● **ASSIGNMENT**
Show every line in the entries below where the word "times" appears.

● **TASK MATERIAL**
● ● ● ●
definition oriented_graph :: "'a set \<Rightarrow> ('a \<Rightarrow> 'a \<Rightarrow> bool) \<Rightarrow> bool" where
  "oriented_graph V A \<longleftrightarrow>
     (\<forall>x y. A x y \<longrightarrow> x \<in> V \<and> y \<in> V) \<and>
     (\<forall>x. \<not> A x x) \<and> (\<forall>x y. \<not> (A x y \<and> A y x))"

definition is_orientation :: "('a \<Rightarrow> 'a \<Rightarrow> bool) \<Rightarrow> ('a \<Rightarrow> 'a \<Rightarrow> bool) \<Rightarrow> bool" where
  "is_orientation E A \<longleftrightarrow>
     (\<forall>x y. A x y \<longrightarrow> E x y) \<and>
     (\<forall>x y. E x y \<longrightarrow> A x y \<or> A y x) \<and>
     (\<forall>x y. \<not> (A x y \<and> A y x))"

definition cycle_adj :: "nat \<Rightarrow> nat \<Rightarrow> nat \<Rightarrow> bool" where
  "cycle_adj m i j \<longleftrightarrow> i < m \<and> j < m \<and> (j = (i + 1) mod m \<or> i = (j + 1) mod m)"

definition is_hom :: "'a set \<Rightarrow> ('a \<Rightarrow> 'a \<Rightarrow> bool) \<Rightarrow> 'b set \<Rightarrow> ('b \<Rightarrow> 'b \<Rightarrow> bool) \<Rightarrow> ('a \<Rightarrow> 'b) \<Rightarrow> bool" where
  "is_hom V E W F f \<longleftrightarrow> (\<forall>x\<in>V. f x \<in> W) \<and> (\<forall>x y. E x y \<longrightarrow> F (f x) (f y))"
● ● ● ●
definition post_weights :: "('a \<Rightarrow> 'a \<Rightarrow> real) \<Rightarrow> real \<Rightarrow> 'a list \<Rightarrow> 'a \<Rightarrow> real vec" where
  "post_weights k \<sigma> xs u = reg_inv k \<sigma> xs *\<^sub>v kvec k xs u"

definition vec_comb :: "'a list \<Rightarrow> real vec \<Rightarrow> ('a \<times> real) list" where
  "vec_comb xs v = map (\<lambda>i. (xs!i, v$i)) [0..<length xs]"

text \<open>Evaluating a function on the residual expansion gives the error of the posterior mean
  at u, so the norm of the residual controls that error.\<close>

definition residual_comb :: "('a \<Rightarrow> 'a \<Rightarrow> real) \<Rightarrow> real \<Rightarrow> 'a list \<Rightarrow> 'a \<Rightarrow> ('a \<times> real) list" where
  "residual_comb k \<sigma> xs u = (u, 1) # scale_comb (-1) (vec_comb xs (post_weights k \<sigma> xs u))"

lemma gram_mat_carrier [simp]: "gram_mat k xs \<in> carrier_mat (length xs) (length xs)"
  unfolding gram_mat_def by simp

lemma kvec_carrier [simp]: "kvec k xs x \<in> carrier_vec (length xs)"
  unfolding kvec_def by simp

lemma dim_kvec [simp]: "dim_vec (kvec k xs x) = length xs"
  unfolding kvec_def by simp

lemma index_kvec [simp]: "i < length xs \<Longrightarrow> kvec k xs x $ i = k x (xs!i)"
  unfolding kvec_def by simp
● ● ● ●
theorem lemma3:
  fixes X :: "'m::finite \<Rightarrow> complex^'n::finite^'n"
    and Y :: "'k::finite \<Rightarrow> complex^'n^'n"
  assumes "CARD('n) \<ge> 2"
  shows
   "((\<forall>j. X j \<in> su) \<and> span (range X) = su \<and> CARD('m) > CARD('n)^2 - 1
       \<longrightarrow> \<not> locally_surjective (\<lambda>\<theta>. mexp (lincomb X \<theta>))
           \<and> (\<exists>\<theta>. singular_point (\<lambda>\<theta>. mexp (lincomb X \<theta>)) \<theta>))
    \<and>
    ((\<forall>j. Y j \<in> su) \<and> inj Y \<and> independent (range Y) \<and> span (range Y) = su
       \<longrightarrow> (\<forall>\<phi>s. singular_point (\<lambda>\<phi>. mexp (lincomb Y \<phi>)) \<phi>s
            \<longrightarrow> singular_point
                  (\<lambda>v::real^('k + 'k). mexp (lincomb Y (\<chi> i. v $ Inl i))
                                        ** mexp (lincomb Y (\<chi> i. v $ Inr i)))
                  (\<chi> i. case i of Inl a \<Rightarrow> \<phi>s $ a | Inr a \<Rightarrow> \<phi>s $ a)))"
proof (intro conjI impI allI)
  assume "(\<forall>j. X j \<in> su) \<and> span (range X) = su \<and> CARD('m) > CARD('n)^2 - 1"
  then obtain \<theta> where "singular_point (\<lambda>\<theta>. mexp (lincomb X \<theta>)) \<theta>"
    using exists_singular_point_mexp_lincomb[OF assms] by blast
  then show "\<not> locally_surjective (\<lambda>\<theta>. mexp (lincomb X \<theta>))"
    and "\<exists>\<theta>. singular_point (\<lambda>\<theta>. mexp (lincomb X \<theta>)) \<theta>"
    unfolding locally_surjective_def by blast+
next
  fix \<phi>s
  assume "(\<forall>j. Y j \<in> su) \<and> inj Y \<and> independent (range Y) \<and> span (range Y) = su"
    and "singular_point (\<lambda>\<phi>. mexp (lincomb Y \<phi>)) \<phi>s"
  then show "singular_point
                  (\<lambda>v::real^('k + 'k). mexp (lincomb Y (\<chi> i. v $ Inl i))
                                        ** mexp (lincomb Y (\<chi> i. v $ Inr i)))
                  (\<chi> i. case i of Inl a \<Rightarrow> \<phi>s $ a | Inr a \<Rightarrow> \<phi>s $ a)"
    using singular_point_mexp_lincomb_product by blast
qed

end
● ● ● ●
● **EXERCISE RESULT**
definition vec_comb :: "'a list \<Rightarrow> real vec \<Rightarrow> ('a \<times> real) list" where
definition residual_comb :: "('a \<Rightarrow> 'a \<Rightarrow> real) \<Rightarrow> real \<Rightarrow> 'a list \<Rightarrow> 'a \<Rightarrow> ('a \<times> real) list" where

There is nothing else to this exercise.